What could be the happiest moment for a teacher than seeing his untiring efforts bear fruit? In this remote village of Aadbal, nestled in the mountains, in Shopian district, Bashir Ahmad Lone, a teacher, is a familiar name. His first batch of students from this educationally backward area has reached the college level. The batch is also the first college going from the area where till years back people used to prefer livestock rearing and manual labouring for their children over education.
The feat didn’t come suddenly and on its own. It was the dedication, enthusiasm and even sacrifice of Lone as he nearly lost his life in a wildlife attack while coming back from school.
Lone, an in-charge head-teacher since 2006 had to trek hilly stretches on foot to reach his school at Aadbal village in Sedow area of the district. Before becoming a government ReT teacher, he was voluntarily working under the education guarantee scheme (EGS) for a period of two years.

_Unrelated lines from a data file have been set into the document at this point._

definition tau :: "('x \<Rightarrow> bool \<Rightarrow> bool \<Rightarrow> real) \<Rightarrow> 'x \<Rightarrow> real" where
  "tau q x = mu1 q x - mu0 q x"

definition THRx :: "('x \<Rightarrow> bool \<Rightarrow> bool \<Rightarrow> real) \<Rightarrow> 'x \<Rightarrow> real" where
  "THRx q x = q x False True"

definition EY0 :: "'x measure \<Rightarrow> ('x \<Rightarrow> bool \<Rightarrow> bool \<Rightarrow> real) \<Rightarrow> real" where
  "EY0 M q = (\<integral>x. mu0 q x \<partial>M)"

text \<open>An ITR is a (measurable) map from covariates to {0,1}; True means treat.\<close>
definition itr :: "'x measure \<Rightarrow> ('x \<Rightarrow> bool) \<Rightarrow> bool" where
  "itr M \<pi> \<longleftrightarrow> \<pi> \<in> M \<rightarrow>\<^sub>M count_space UNIV"

text \<open>R(pi) = E[pi(X) Y(1) + (1 - pi(X)) Y(0)], computed by conditioning on X.\<close>
definition Rval :: "'x measure \<Rightarrow> ('x \<Rightarrow> bool \<Rightarrow> bool \<Rightarrow> real) \<Rightarrow> ('x \<Rightarrow> bool) \<Rightarrow> real" where
  "Rval M q \<pi> = (\<integral>x. of_bool (\<pi> x) * mu1 q x + (1 - of_bool (\<pi> x)) * mu0 q x \<partial>M)"

definition THRpol :: "'x measure \<Rightarrow> ('x \<Rightarrow> bool \<Rightarrow> bool \<Rightarrow> real) \<Rightarrow> ('x \<Rightarrow> bool) \<Rightarrow> real" where
  "THRpol M q \<pi> = (\<integral>x. THRx q x * of_bool (\<pi> x) \<partial>M)"

definition feasible :: "'x measure \<Rightarrow> ('x \<Rightarrow> bool \<Rightarrow> bool \<Rightarrow> real) \<Rightarrow> real \<Rightarrow> ('x \<Rightarrow> bool) \<Rightarrow> bool" where
  "feasible M q lam \<pi> \<longleftrightarrow> itr M \<pi> \<and> Rval M q \<pi> \<ge> lam"

definition optimal :: "'x measure \<Rightarrow> ('x \<Rightarrow> bool \<Rightarrow> bool \<Rightarrow> real) \<Rightarrow> real \<Rightarrow> ('x \<Rightarrow> bool) \<Rightarrow> bool" where
  "optimal M q lam \<pi> \<longleftrightarrow> feasible M q lam \<pi>
     \<and> (\<forall>\<pi>'. feasible M q lam \<pi>' \<longrightarrow> THRpol M q \<pi> \<le> THRpol M q \<pi>')"
(* Let $n\ge1$ and let $\mathcal{G}=(\mathcal{V},\mathcal{E})$ be the multigraph with vertex set $\mathcal{V}=\{0,\ldots,n\}$ and, for each $i\in\{1,\ldots,n\}$, exactly two parallel edges $e_i^{(0)},e_i^{(1)}$ between vertex $0$ and vertex $i$ (and no other edges). Let $\epsilon,\delta\ge0$ and $\alpha\ge0$, and let $\mathcal{A}$ be an algorithm that is $(\epsilon,\delta)$-differentially private on $\mathcal{G}$ and that on every input $w:\mathcal{E}\to\{0,1\}$ produces a spanning tree whose weight is in expectation at most $\alpha$ greater than the minimum spanning tree weight. Then there exists a $(2\epsilon,(1+e^{\epsilon})\delta)$-differentially private algorithm $\mathcal{B}$ which on every input $x\in\{0,1\}^n$ produces $y\in\{0,1\}^n$ such that the expected Hamming distance $d_H(x,y)$ is at most $\alpha$.
   Context: Private edge weight model: for a graph $\mathcal{G}=(\mathcal{V},\mathcal{E})$, a weight function is $w:\mathcal{E}\to\mathbb{R}$. Two weight functions $w,w'$ are neighboring if $\sum_{e\in\mathcal{E}}|w(e)-w'(e)|\le1$. A randomized algorithm $\mathcal{A}$ on weight functions is $(\epsilon,\delta)$-differentially private on $\mathcal{G}$ if for all neighboring $w,w'$ and all sets $S$ of outputs, $\Pr[\mathcal{A}(w)\in S]\le e^{\epsilon}\Pr[\mathcal{A}(w')\in S]+\delta$. A randomized algorithm $\mathcal{B}$ with inputs in $\{0,1\}^n$ is $(\epsilon',\delta')$-differentially private if for all $x,x'\in\{0,1\}^n$ differing in exactly one coordinate and all sets $S$ of outputs, $\Pr[\mathcal{B}(x)\in S]\le e^{\epsilon'}\Pr[\mathcal{B}(x')\in S]+\delta'$. $d_H$ denotes Hamming distance. *)

theory Defs
  imports "HOL-Probability.Probability"
begin

definition edge_rel :: "('e \<Rightarrow> 'v \<times> 'v) \<Rightarrow> 'e set \<Rightarrow> ('v \<times> 'v) set" where
  "edge_rel ends T = {ends e | e. e \<in> T} \<union> {prod.swap (ends e) | e. e \<in> T}"

(* A spanning tree of a finite connected multigraph: a set of |V|-1 edges connecting all
   vertices (equivalently a connected acyclic spanning edge set; parallel edges count as a cycle). *)
definition spanning_tree :: "'v set \<Rightarrow> 'e set \<Rightarrow> ('e \<Rightarrow> 'v \<times> 'v) \<Rightarrow> 'e set \<Rightarrow> bool" where
  "spanning_tree V E ends T \<longleftrightarrow> T \<subseteq> E \<and> finite T \<and> card T + 1 = card V \<and>
     (\<forall>u\<in>V. \<forall>v\<in>V. (u, v) \<in> (edge_rel ends T)\<^sup>*)"

definition tree_weight :: "('e \<Rightarrow> real) \<Rightarrow> 'e set \<Rightarrow> real" where
  "tree_weight w T = (\<Sum>e\<in>T. w e)"

definition mst_weight :: "'v set \<Rightarrow> 'e set \<Rightarrow> ('e \<Rightarrow> 'v \<times> 'v) \<Rightarrow> ('e \<Rightarrow> real) \<Rightarrow> real" where
  "mst_weight V E ends w = Min {tree_weight w T | T. spanning_tree V E ends T}"

(* The specific multigraph: vertices {0..n}; edge (i,b) for i in {1..n}, b in {0,1}
   (b encoded as bool) joins vertex 0 and vertex i. *)
definition Gv :: "nat \<Rightarrow> nat set" where "Gv n = {0..n}"
definition Ge :: "nat \<Rightarrow> (nat \<times> bool) set" where "Ge n = {1..n} \<times> UNIV"
definition Gends :: "nat \<times> bool \<Rightarrow> nat \<times> nat" where "Gends e = (0, fst e)"

definition weight_fun :: "'e set \<Rightarrow> ('e \<Rightarrow> real) \<Rightarrow> bool" where
  "weight_fun E w \<longleftrightarrow> (\<forall>e. e \<notin> E \<longrightarrow> w e = 0)"

definition neighboring_w :: "'e set \<Rightarrow> ('e \<Rightarrow> real) \<Rightarrow> ('e \<Rightarrow> real) \<Rightarrow> bool" where
  "neighboring_w E w w' \<longleftrightarrow> (\<Sum>e\<in>E. \<bar>w e - w' e\<bar>) \<le> 1"

definition dp_on_graph :: "'e set \<Rightarrow> (('e \<Rightarrow> real) \<Rightarrow> 'o pmf) \<Rightarrow> real \<Rightarrow> real \<Rightarrow> bool" where
  "dp_on_graph E A \<epsilon> \<delta> \<longleftrightarrow>
     (\<forall>w w' S. weight_fun E w \<longrightarrow> weight_fun E w' \<longrightarrow> neighboring_w E w w' \<longrightarrow>
        measure_pmf.prob (A w) S \<le> exp \<epsilon> * measure_pmf.prob (A w') S + \<delta>)"

(* bit vectors {0,1}^n, indexed by {1..n}, False outside *)
definition bitvecs :: "nat \<Rightarrow> (nat \<Rightarrow> bool) set" where
  "bitvecs n = {x. \<forall>i. i \<notin> {1..n} \<longrightarrow> \<not> x i}"

definition hamming :: "nat \<Rightarrow> (nat \<Rightarrow> bool) \<Rightarrow> (nat \<Rightarrow> bool) \<Rightarrow> nat" where
  "hamming n x y = card {i\<in>{1..n}. x i \<noteq> y i}"

definition dp_bits :: "nat \<Rightarrow> ((nat \<Rightarrow> bool) \<Rightarrow> 'o pmf) \<Rightarrow> real \<Rightarrow> real \<Rightarrow> bool" where
  "dp_bits n B \<epsilon> \<delta> \<longleftrightarrow>
     (\<forall>x x' S. x \<in> bitvecs n \<longrightarrow> x' \<in> bitvecs n \<longrightarrow> hamming n x x' = 1 \<longrightarrow>
        measure_pmf.prob (B x) S \<le> exp \<epsilon> * measure_pmf.prob (B x') S + \<delta>)"

end

theory Submission
  imports Defs
begin

text \<open>Encode a bit vector x as the 0/1 weight function that makes the edge e_i^(x_i) free
  and the other edge at i cost 1. A spanning tree must pick one edge at every vertex i, so
  decoding the tree by reading off which edge was picked costs at most the tree weight in
  Hamming distance, while the minimum spanning tree weight is 0. Bit vectors at Hamming
  distance one give weight functions at l1-distance two, which are linked through their
  midpoint by two applications of the privacy guarantee; decoding is post-processing.\<close>

definition bit_weight :: "nat \<Rightarrow> (nat \<Rightarrow> bool) \<Rightarrow> nat \<times> bool \<Rightarrow> real" where
  "bit_weight n x e = (if e \<in> Ge n \<and> snd e \<noteq> x (fst e) then 1 else 0)"

definition tree_bits :: "nat \<Rightarrow> (nat \<times> bool) set \<Rightarrow> nat \<Rightarrow> bool" where
  "tree_bits n T = (\<lambda>i. i \<in> {1..n} \<and> (i, True) \<in> T)"

lemma finite_Ge: "finite (Ge n)"
  unfolding Ge_def by simp

lemma finite_spanning_trees:
  assumes "finite E"
  shows "finite {T. spanning_tree V E ends T}"
  using assms by (rule finite_subset[rotated, OF finite_Pow_iff[THEN iffD2]])
    (auto simp: spanning_tree_def)

lemma dp_on_graph_distance_two:
  assumes dp: "dp_on_graph E A \<epsilon> \<delta>"
    and w: "weight_fun E w" and w': "weight_fun E w'"
    and dist: "(\<Sum>e\<in>E. \<bar>w e - w' e\<bar>) \<le> 2"
  shows "measure_pmf.prob (A w) S
           \<le> exp (2 * \<epsilon>) * measure_pmf.prob (A w') S + (1 + exp \<epsilon>) * \<delta>"
proof -
  define m where "m = (\<lambda>e. (w e + w' e) / 2)"
  have m: "weight_fun E m"
    using w w' unfolding m_def weight_fun_def by simp
  have half_dist: "\<bar>w e - m e\<bar> = \<bar>w e - w' e\<bar> / 2" "\<bar>m e - w' e\<bar> = \<bar>w e - w' e\<bar> / 2" for e
    unfolding m_def by (simp_all add: abs_if field_simps)
  have "neighboring_w E w m" "neighboring_w E m w'"
    using dist unfolding neighboring_w_def half_dist by (simp_all add: sum_divide_distrib[symmetric])
  then have p1: "measure_pmf.prob (A w) S \<le> exp \<epsilon> * measure_pmf.prob (A m) S + \<delta>"
    and p2: "measure_pmf.prob (A m) S \<le> exp \<epsilon> * measure_pmf.prob (A w') S + \<delta>"
    using dp w w' m unfolding dp_on_graph_def by blast+
  have "exp \<epsilon> * measure_pmf.prob (A m) S \<le> exp \<epsilon> * (exp \<epsilon> * measure_pmf.prob (A w') S + \<delta>)"
    using p2 by simp
  with p1 have "measure_pmf.prob (A w) S \<le> exp \<epsilon> * (exp \<epsilon> * measure_pmf.prob (A w') S + \<delta>) + \<delta>"
    by linarith
  also have "\<dots> = exp (2 * \<epsilon>) * measure_pmf.prob (A w') S + (1 + exp \<epsilon>) * \<delta>"
    using mult_exp_exp[of \<epsilon> \<epsilon>] by (simp add: algebra_simps)
  finally show ?thesis .
qed

lemma weight_fun_bit_weight: "weight_fun (Ge n) (bit_weight n x)"
  unfolding weight_fun_def bit_weight_def by simp

lemma bit_weight_01: "bit_weight n x ` Ge n \<subseteq> {0, 1}"
  unfolding bit_weight_def by auto

lemma sum_abs_bit_weight_diff:
  "(\<Sum>e\<in>Ge n. \<bar>bit_weight n x e - bit_weight n x' e\<bar>) = 2 * real (hamming n x x')"
proof -
  have inner: "(\<Sum>b\<in>UNIV. \<bar>bit_weight n x (i, b) - bit_weight n x' (i, b)\<bar>)
                 = (if x i \<noteq> x' i then 2 else 0)" if "i \<in> {1..n}" for i
    using that by (simp add: UNIV_bool bit_weight_def Ge_def)
  have "(\<Sum>e\<in>Ge n. \<bar>bit_weight n x e - bit_weight n x' e\<bar>)
          = (\<Sum>i\<in>{1..n}. \<Sum>b\<in>UNIV. \<bar>bit_weight n x (i, b) - bit_weight n x' (i, b)\<bar>)"
    unfolding Ge_def by (simp add: sum.cartesian_product split_def)
  also have "\<dots> = (\<Sum>i\<in>{1..n}. if x i \<noteq> x' i then 2 else 0)"
    using inner by (rule sum.cong[OF refl])
  also have "\<dots> = 2 * real (hamming n x x')"
    by (simp add: hamming_def sum.If_cases Int_def)
  finally show ?thesis .
qed

lemma spanning_tree_Ge_edge_at:
  assumes "spanning_tree (Gv n) (Ge n) Gends T" and i: "i \<in> {1..n}"
  obtains b where "(i, b) \<in> T"
proof -
  have "(0, i) \<in> (edge_rel Gends T)\<^sup>*"
    using assms unfolding spanning_tree_def Gv_def by auto
  moreover have "i \<noteq> 0"
    using i by simp
  ultimately obtain a where "(a, i) \<in> edge_rel Gends T"
    by (blast elim: rtranclE)
  then obtain e where "e \<in> T" "(a, i) = Gends e \<or> (a, i) = prod.swap (Gends e)"
    unfolding edge_rel_def by blast
  with \<open>i \<noteq> 0\<close> have "(i, snd e) \<in> T"
    unfolding Gends_def by (cases e) auto
  then show thesis
    by (rule that)
qed

text \<open>Each vertex i where the decoded bit is wrong forces the costly edge (i, \<not> x i) into T.\<close>

lemma hamming_tree_bits_le_tree_weight:
  assumes T: "spanning_tree (Gv n) (Ge n) Gends T"
  shows "real (hamming n x (tree_bits n T)) \<le> tree_weight (bit_weight n x) T"
proof -
  have TG: "T \<subseteq> Ge n" "finite T"
    using T unfolding spanning_tree_def by auto
  define D where "D = {i\<in>{1..n}. x i \<noteq> tree_bits n T i}"
  define C where "C = {e\<in>T. bit_weight n x e = 1}"
  have "(\<lambda>i. (i, \<not> x i)) ` D \<subseteq> C"
  proof
    fix e assume "e \<in> (\<lambda>i. (i, \<not> x i)) ` D"
    then obtain i where i: "i \<in> D" "e = (i, \<not> x i)" by auto
    then have "i \<in> {1..n}" unfolding D_def by simp
    then obtain b where "(i, b) \<in> T"
      using spanning_tree_Ge_edge_at[OF T] by blast
    moreover have "(i, True) \<in> T \<longleftrightarrow> \<not> x i"
      using i unfolding D_def tree_bits_def by auto
    ultimately have "e \<in> T"
      using i(2) by (cases b) auto
    with TG i show "e \<in> C"
      unfolding C_def bit_weight_def by auto
  qed
  then have "card ((\<lambda>i. (i, \<not> x i)) ` D) \<le> card C"
    using TG by (intro card_mono) (auto simp: C_def)
  moreover have "card ((\<lambda>i. (i, \<not> x i)) ` D) = card D"
    by (rule card_image) (rule inj_onI, simp)
  ultimately have "card D \<le> card C"
    by simp
  also have "real (card C) = (\<Sum>e\<in>C. bit_weight n x e)"
    unfolding C_def by simp
  also have "\<dots> \<le> (\<Sum>e\<in>T. bit_weight n x e)"
    using TG by (intro sum_mono2) (auto simp: C_def bit_weight_def)
  finally show ?thesis
    unfolding hamming_def tree_weight_def D_def by simp
qed

lemma spanning_tree_of_bits:
  "spanning_tree (Gv n) (Ge n) Gends ((\<lambda>i. (i, x i)) ` {1..n})"
proof -
  let ?T = "(\<lambda>i. (i, x i)) ` {1..n}"
  have hub: "(0, v) \<in> (edge_rel Gends ?T)\<^sup>* \<and> (v, 0) \<in> (edge_rel Gends ?T)\<^sup>*"
    if "v \<in> {0..n}" for v
  proof (cases "v = 0")
    case False
    with that have "(0, v) \<in> edge_rel Gends ?T" "(v, 0) \<in> edge_rel Gends ?T"
      unfolding edge_rel_def Gends_def by force+
    then show ?thesis by auto
  qed simp
  then have "\<forall>u\<in>{0..n}. \<forall>v\<in>{0..n}. (u, v) \<in> (edge_rel Gends ?T)\<^sup>*"
    by (meson rtrancl_trans)
  moreover have "card ?T = n"
    by (subst card_image) (auto intro: inj_onI)
  ultimately show ?thesis
    unfolding spanning_tree_def Gv_def Ge_def by auto
qed

lemma mst_weight_bit_weight: "mst_weight (Gv n) (Ge n) Gends (bit_weight n x) \<le> 0"
proof -
  let ?T = "(\<lambda>i. (i, x i)) ` {1..n}"
  have "tree_weight (bit_weight n x) ?T = 0"
    unfolding tree_weight_def bit_weight_def by (auto intro!: sum.neutral)
  moreover have "finite {tree_weight (bit_weight n x) T | T. spanning_tree (Gv n) (Ge n) Gends T}"
    unfolding setcompr_eq_image by (intro finite_imageI finite_spanning_trees finite_Ge)
  ultimately show ?thesis
    unfolding mst_weight_def using spanning_tree_of_bits by (force intro: Min_le)
qed

theorem lemmaB2:
  fixes n :: nat and \<epsilon> \<delta> \<alpha> :: real
    and A :: "(nat \<times> bool \<Rightarrow> real) \<Rightarrow> (nat \<times> bool) set pmf"
  assumes "n \<ge> 1" and "\<epsilon> \<ge> 0" and "\<delta> \<ge> 0" and "\<alpha> \<ge> 0"
    and "dp_on_graph (Ge n) A \<epsilon> \<delta>"
    and "\<And>w. weight_fun (Ge n) w \<Longrightarrow> w ` Ge n \<subseteq> {0, 1} \<Longrightarrow>
            (\<forall>T\<in>set_pmf (A w). spanning_tree (Gv n) (Ge n) Gends T) \<and>
            measure_pmf.expectation (A w) (tree_weight w)
              \<le> mst_weight (Gv n) (Ge n) Gends w + \<alpha>"
  shows "\<exists>B :: (nat \<Rightarrow> bool) \<Rightarrow> (nat \<Rightarrow> bool) pmf.
           dp_bits n B (2 * \<epsilon>) ((1 + exp \<epsilon>) * \<delta>) \<and>
           (\<forall>x\<in>bitvecs n. set_pmf (B x) \<subseteq> bitvecs n \<and>
              measure_pmf.expectation (B x) (\<lambda>y. real (hamming n x y)) \<le> \<alpha>)"
proof -
  define B where "B x = map_pmf (tree_bits n) (A (bit_weight n x))" for x
  note A_good = assms(6)[OF weight_fun_bit_weight bit_weight_01]
  have "dp_bits n B (2 * \<epsilon>) ((1 + exp \<epsilon>) * \<delta>)"
    unfolding dp_bits_def B_def measure_map_pmf
    using dp_on_graph_distance_two[OF assms(5) weight_fun_bit_weight weight_fun_bit_weight]
    by (simp add: sum_abs_bit_weight_diff)
  moreover have "set_pmf (B x) \<subseteq> bitvecs n" for x
    unfolding B_def bitvecs_def tree_bits_def by auto
  moreover have "measure_pmf.expectation (B x) (\<lambda>y. real (hamming n x y)) \<le> \<alpha>" for x
  proof -
    have "set_pmf (A (bit_weight n x)) \<subseteq> {T. spanning_tree (Gv n) (Ge n) Gends T}"
      using A_good by blast
    then have "finite (set_pmf (A (bit_weight n x)))"
      using finite_spanning_trees[OF finite_Ge] by (rule finite_subset)
    then have "measure_pmf.expectation (B x) (\<lambda>y. real (hamming n x y))
                 \<le> measure_pmf.expectation (A (bit_weight n x)) (tree_weight (bit_weight n x))"
      unfolding B_def integral_map_pmf
      by (intro integral_mono_AE integrable_measure_pmf_finite AE_pmfI
          hamming_tree_bits_le_tree_weight) (use A_good in blast)+
    also have "\<dots> \<le> \<alpha>"
      using A_good mst_weight_bit_weight by (meson add_le_same_cancel2 order_trans)
    finally show ?thesis .
  qed
  ultimately show ?thesis
    by (intro exI[of _ B] conjI ballI)
qed

end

EGS is an educational scheme of the Government of India to improve access to primary education, especially for children from very poor households and in scattered settlements.
Lone said after working tirelessly for two years without a proper school building, he started door-to-door campaigning to impress upon parents that education of their children is more precious than cattle rearing and labour. He succeeded in the mission and saw overwhelming support from the local populace.
After witnessing a rise in student enrollment, the administration set up a primary school in the village. Given Lone’s years of hard work, he was also inducted as Rehbar-e-Taleem (ReT) teacher.
Though he got fruits of his hard work, luck didn’t go with him. After two years of his posting as ReT teacher, Lone was attacked by a black bear on his way back home from school.
The bear attack had disfigured Lone's face and even after plastic surgery the injuries are visible on his face. “I was grievously injured in the attack and sustained 260 stitches on my face, head and chest.”
He was discharged from SKIMS after two months; however, it took him three years to recover.
“People donated blood for me, such were the grievous wounds that took me three years to recover after having plastic surgery on my face,” he said.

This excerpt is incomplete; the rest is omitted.